• Goa'18
  • Training
  • Machine Learning for Pen-Testers and Security Researchers

Machine Learning for Pen-Testers and Security Researchers

Anto Joseph & Clarence Chio

Anto Joseph Clarence Chio

Trainer Name:Anto Joseph & Clarence Chio
Title: Machine Learning for Pen-Testers and Security Researchers
Duration: 2 Days
Dates: 28th Feb - 1st March 2018


Making & Breaking Machine Learning Systems is a fast-paced session on machine learning from the InfoSec professional’s point of view. In this training, students will not only get hands-on experience with developing intelligent, learning security applications, but also learn the techniques for training, tuning, and evaluating such systems. The course is positioned for security professionals who are interested in machine learning but may not have any practical experience with it. Machine learning is becoming increasingly ubiquitous in a variety of fields, and security professionals educated in this subject matter are better positioned to assess the (often lacking) security postures of machine learning algorithms and systems. This class does not promise that students immediately become machine learning experts, but does ensure that all applications and techniques learned can be directly and immediately applicable to the work done by security engineers, penetration testers, application developers, and InfoSec enthusiasts alike.

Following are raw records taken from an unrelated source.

lemma ext0_ge_scaled:
  assumes y: "nonneg_vec y" and m: "0 < m" and y_ge: "\<And>k. k \<notin> S \<Longrightarrow> m \<le> y $ k"
    and c: "\<And>t. c \<le> f (\<chi> k. exp (- t * indicator S k)) $ i"
  shows "m * c \<le> ext0 f y $ i"
proof (rule ext0_ge)
  fix e :: real assume e: "0 < e"
  define z :: "real^'n" where "z = (\<chi> k. exp (- ln (m / e) * indicator S k))"
  have z: "pos_vec z" by (simp add: z_def pos_vec_def)
  have "m * c \<le> m * f z $ i" using c[of "ln (m / e)"] m by (simp add: z_def)
  also have "\<dots> = f (m *\<^sub>R z) $ i" using homogeneous_nth[OF z m] by simp
  also have "\<dots> \<le> f (y + e *\<^sub>R (\<chi> j. 1)) $ i"
  proof (rule mono_nth)
    show "pos_vec (m *\<^sub>R z)" using z m by (simp add: pos_vec_def)
    show "pos_vec (y + e *\<^sub>R (\<chi> j. 1))" by (rule pos_vec_shift[OF y e])
    fix k
    show "(m *\<^sub>R z) $ k \<le> (y + e *\<^sub>R (\<chi> j. 1)) $ k"
    proof (cases "k \<in> S")
      case True
      then show ?thesis using y m e by (simp add: z_def nonneg_vec_def exp_minus)
    next
      case False
      then show ?thesis using y_ge[of k] e by (simp add: z_def)
    qed
  qed
  finally show "m * c \<le> f (y + e *\<^sub>R (\<chi> j. 1)) $ i" .
qed

lemma f0_nonneg: "pos_vec x \<Longrightarrow> 0 \<le> f0 J f x $ i"
  using ext0_ge[of 0 "P0 J x" i] pos_nth pos_vec_shift[OF nonneg_P0]
  by (force simp: f0_nth less_imp_le)

lemma f0_le_shift: "pos_vec x \<Longrightarrow> 0 < e \<Longrightarrow> f0 J f x $ i \<le> f (P0 J x + e *\<^sub>R (\<chi> j. 1)) $ i"
  using ext0_le[OF nonneg_P0] pos_nth[OF pos_vec_shift[OF nonneg_P0]]
  by (force simp: f0_nth less_imp_le)

lemma f0_mono:
  assumes x: "pos_vec x" and le: "\<And>k. x $ k \<le> y $ k"
  shows "f0 J f x $ i \<le> f0 J f y $ i"
proof (cases "i \<in> J")
  case True
  have "ext0 f (P0 J x) $ i \<le> ext0 f (P0 J y) $ i"
  proof (rule ext0_ge)
    fix e :: real assume e: "0 < e"
    have y: "pos_vec y" using x le unfolding pos_vec_def by (meson less_le_trans)
    have "ext0 f (P0 J x) $ i \<le> f (P0 J x + e *\<^sub>R (\<chi> j. 1)) $ i"
      by (rule ext0_le[OF nonneg_P0[OF x] e])
    also have "\<dots> \<le> f (P0 J y + e *\<^sub>R (\<chi> j. 1)) $ i"
      using mono_nth[OF pos_vec_shift[OF nonneg_P0[OF x] e] pos_vec_shift[OF nonneg_P0[OF y] e]] le
      by (simp add: P0_def)
    finally show "ext0 f (P0 J x) $ i \<le> f (P0 J y + e *\<^sub>R (\<chi> j. 1)) $ i" .
  qed
  with True show ?thesis by (simp add: f0_nth)
qed (simp add: f0_nth)

lemma not_arc0_bounded_below:
  assumes "j \<notin> I" "\<not> arc0 f I j"
  shows "\<exists>c>0. \<forall>t. c \<le> f (\<chi> k. exp (- t * indicator I k)) $ j"
proof (rule ccontr)
  define g where "g t = f (\<chi> k. exp (- t * indicator I k)) $ j" for t
  have g_pos: "0 < g t" for t unfolding g_def by (rule pos_nth) (simp add: pos_vec_def)
  have g_antimono: "g t' \<le> g t" if "t \<le> t'" for t t'
    unfolding g_def by (rule mono_nth) (use that in \<open>auto simp: pos_vec_def indicator_def\<close>)
  assume "\<not> (\<exists>c>0. \<forall>t. c \<le> g t)"
  then have small: "\<exists>t. g t < c" if "0 < c" for c using that by (meson not_le)
  have "(g \<longlongrightarrow> 0) at_top"
  proof (rule order_tendstoI)
    fix a :: real assume "a < 0"
    then show "eventually (\<lambda>t. a < g t) at_top" using g_pos by (meson always_eventually less_trans)
  next
    fix a :: real assume "0 < a"
    then obtain t0 where "g t0 < a" using small by blast
    then show "eventually (\<lambda>t. g t < a) at_top"
      unfolding eventually_at_top_linorder using g_antimono by (meson le_less_trans)
  qed
  with assms show False by (simp add: arc0_def g_def[abs_def])
qed

lemma invariant_arc0_bounded_below:
  assumes "invariant_hg (arc0 f) S"
  shows "\<exists>c>0. \<forall>i t. i \<notin> S \<longrightarrow> c \<le> f (\<chi> k. exp (- t * indicator S k)) $ i"
proof -
  have "\<forall>i\<in>-S. \<exists>c. 0 < c \<and> (\<forall>t. c \<le> f (\<chi> k. exp (- t * indicator S k)) $ i)"
    using assms not_arc0_bounded_below unfolding invariant_hg_def by blast
  then obtain c where c: "\<forall>i\<in>-S. 0 < c i \<and> (\<forall>t. c i \<le> f (\<chi> k. exp (- t * indicator S k)) $ i)"
    by (rule bchoice[THEN exE])
  show ?thesis
    by (intro exI[of _ "Min (insert 1 (c ` (-S)))"])
      (use c in \<open>auto intro: order_trans[OF Min_le]\<close>)
qed

lemma upper_cw_f0_pos_if_invariant:
  assumes "UNIV - J \<subseteq> S" and S: "invariant_hg (arc0 f) S" and "S \<noteq> UNIV"
  shows "0 < upper_cw (f0 J f)"
proof -
  obtain c where c: "0 < c" "\<And>i t. i \<notin> S \<Longrightarrow> c \<le> f (\<chi> k. exp (- t * indicator S k)) $ i"
    using invariant_arc0_bounded_below[OF S] by blast
  have "c \<le> upper_cw (f0 J f)"
  proof (rule upper_cw_ge)
    fix x :: "real^'n" assume x: "pos_vec x"
    obtain a where a: "a \<notin> S" "\<And>k. k \<notin> S \<Longrightarrow> x $ a \<le> x $ k"
      using ex_is_arg_min_if_finite[of "-S" "\<lambda>k. x $ k"] \<open>S \<noteq> UNIV\<close>
      by (auto simp: is_arg_min_linorder)
    have "x $ a * c \<le> ext0 f (P0 J x) $ a"
    proof (rule ext0_ge_scaled[OF nonneg_P0[OF x]])
      show "0 < x $ a" using x by (simp add: pos_vec_def)
      show "x $ a \<le> P0 J x $ k" if "k \<notin> S" for k
        using a(2)[OF that] that \<open>UNIV - J \<subseteq> S\<close> by (auto simp: P0_def)
    qed (use c a in auto)
    then show "\<exists>i. c * x $ i \<le> f0 J f x $ i"
      using a(1) \<open>UNIV - J \<subseteq> S\<close> by (auto simp: f0_nth mult.commute)
  qed
  with c(1) show ?thesis by linarith
qed

lemma f0_le_arc0_vector:
  assumes x: "pos_vec x" and "0 \<le> t" and "\<And>k. x $ k \<le> 1/2"
    and "\<And>k. k \<in> I \<Longrightarrow> x $ k \<le> exp (- t) / 2"
  shows "f0 J f x $ j \<le> f (\<chi> k. exp (- t * indicator I k)) $ j"
proof -
  have "f0 J f x $ j \<le> f (P0 J x + (exp (- t) / 2) *\<^sub>R (\<chi> k. 1)) $ j"
    by (rule f0_le_shift[OF x]) simp
  also have "\<dots> \<le> f (\<chi> k. exp (- t * indicator I k)) $ j"
  proof (rule mono_nth)
    show "pos_vec (P0 J x + (exp (- t) / 2) *\<^sub>R (\<chi> k. 1))"
      by (rule pos_vec_shift[OF nonneg_P0[OF x]]) simp
    show "pos_vec (\<chi> k. exp (- t * indicator I k))" by (simp add: pos_vec_def)
    fix k
    have P0_le: "P0 J x $ k \<le> x $ k" using x by (simp add: P0_def pos_vec_def less_imp_le)
    have lhs: "(P0 J x + (exp (- t) / 2) *\<^sub>R (\<chi> k. 1)) $ k = P0 J x $ k + exp (- t) / 2" by simp
    have rhs: "(\<chi> k. exp (- t * indicator I k)) $ k = (if k \<in> I then exp (- t) else 1)" by simp
    show "(P0 J x + (exp (- t) / 2) *\<^sub>R (\<chi> k. 1)) $ k \<le> (\<chi> k. exp (- t * indicator I k)) $ k"
    proof (cases "k \<in> I")
      case True
      then show ?thesis unfolding lhs rhs using P0_le assms(4)[of k] by simp
    next
      case False
      have "exp (- t) \<le> 1" using \<open>0 \<le> t\<close> by simp
      then show ?thesis unfolding lhs rhs if_not_P[OF False] using P0_le assms(3)[of k] by linarith
    qed
  qed
  finally show ?thesis .
qed

lemma f0_vanishing_on_insert:
  assumes S: "f0_vanishing_on f J S" and arc: "arc0 f I j" and "I \<subseteq> S" "j \<notin> S"
  shows "f0_vanishing_on f J (insert j S)"
  unfolding f0_vanishing_on_def
proof (intro allI impI)
  fix \<epsilon> \<delta> :: real assume \<epsilon>: "0 < \<epsilon>" and \<delta>: "0 < \<delta>"
  define d where "d = min \<delta> (1/2)"
  have d: "0 < d" "d \<le> \<delta>" "d \<le> 1/2" using \<delta> by (auto simp: d_def)
  obtain t where t: "0 \<le> t" "f (\<chi> k. exp (- t * indicator I k)) $ j < \<epsilon> * d"
    using arc0_smallE[OF arc mult_pos_pos[OF \<epsilon> d(1)]] by blast
  have \<delta>': "0 < min \<delta> (exp (- t) / 2)" using \<delta> by simp
  obtain x where x: "pos_vec x" "\<And>i. i \<notin> S \<Longrightarrow> x $ i = 1/2"
    and small: "\<And>i. i \<in> S \<Longrightarrow> x $ i \<le> min \<delta> (exp (- t) / 2) \<and> f0 J f x $ i \<le> \<epsilon> * x $ i"
    using S[unfolded f0_vanishing_on_def, rule_format, OF \<epsilon> \<delta>'] by blast
  define x' :: "real^'n" where "x' = (\<chi> i. if i = j then d else x $ i)"
  have x': "pos_vec x'" using x(1) d by (simp add: x'_def pos_vec_def)
  have x'_le: "x' $ k \<le> x $ k" for k using x(2)[OF \<open>j \<notin> S\<close>] d by (simp add: x'_def)
  have x'_S: "x' $ k = x $ k" if "k \<in> S" for k using that \<open>j \<notin> S\<close> by (auto simp: x'_def)
  have x'_S_small: "x' $ k \<le> exp (- t) / 2" if "k \<in> S" for k
    using small[OF that] x'_S[OF that] by simp
  have "f0 J f x' $ j \<le> f (\<chi> k. exp (- t * indicator I k)) $ j"
  proof (rule f0_le_arc0_vector[OF x' t(1)])
    have exp_le: "exp (- t) / 2 \<le> 1/2" using t(1) by simp
    show "x' $ k \<le> 1/2" for k
    proof (cases "k \<in> S")
      case True
      then show ?thesis using x'_S_small[OF True] exp_le by linarith
    next
      case False
      then show ?thesis using x(2)[of k] d by (simp add: x'_def)
    qed
    show "x' $ k \<le> exp (- t) / 2" if "k \<in> I" for k
      using that \<open>I \<subseteq> S\<close> x'_S_small by blast
  qed
  with t(2) d have j: "x' $ j \<le> \<delta> \<and> f0 J f x' $ j \<le> \<epsilon> * x' $ j" by (simp add: x'_def)
  have "x' $ i \<le> \<delta> \<and> f0 J f x' $ i \<le> \<epsilon> * x' $ i" if "i \<in> S" for i
    using f0_mono[OF x' x'_le, of J i] small[OF that] x'_S[OF that] by simp
  with j have "\<forall>i\<in>insert j S. x' $ i \<le> \<delta> \<and> f0 J f x' $ i \<le> \<epsilon> * x' $ i" by blast
  moreover have "\<forall>i. i \<notin> insert j S \<longrightarrow> x' $ i = 1/2" using x(2) by (simp add: x'_def)
  ultimately show "\<exists>x. pos_vec x \<and> (\<forall>i. i \<notin> insert j S \<longrightarrow> x $ i = 1/2) \<and>
      (\<forall>i\<in>insert j S. x $ i \<le> \<delta> \<and> f0 J f x $ i \<le> \<epsilon> * x $ i)"
    using x' by blast
qed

Making & Breaking Machine Learning Systems is a fast-paced session on machine learning from the InfoSec professional's point of view. The class is designed with the goal of providing students with a hands-on introduction to machine learning concepts and systems, as well as making and breaking security applications powered by machine learning.

The lab session is designed with security use-cases in mind, since using machine learning in security is very different from using it in other situations. Students will get first-hand experience at cleaning data, implementing machine learning security programs, and performing penetration tests of these systems.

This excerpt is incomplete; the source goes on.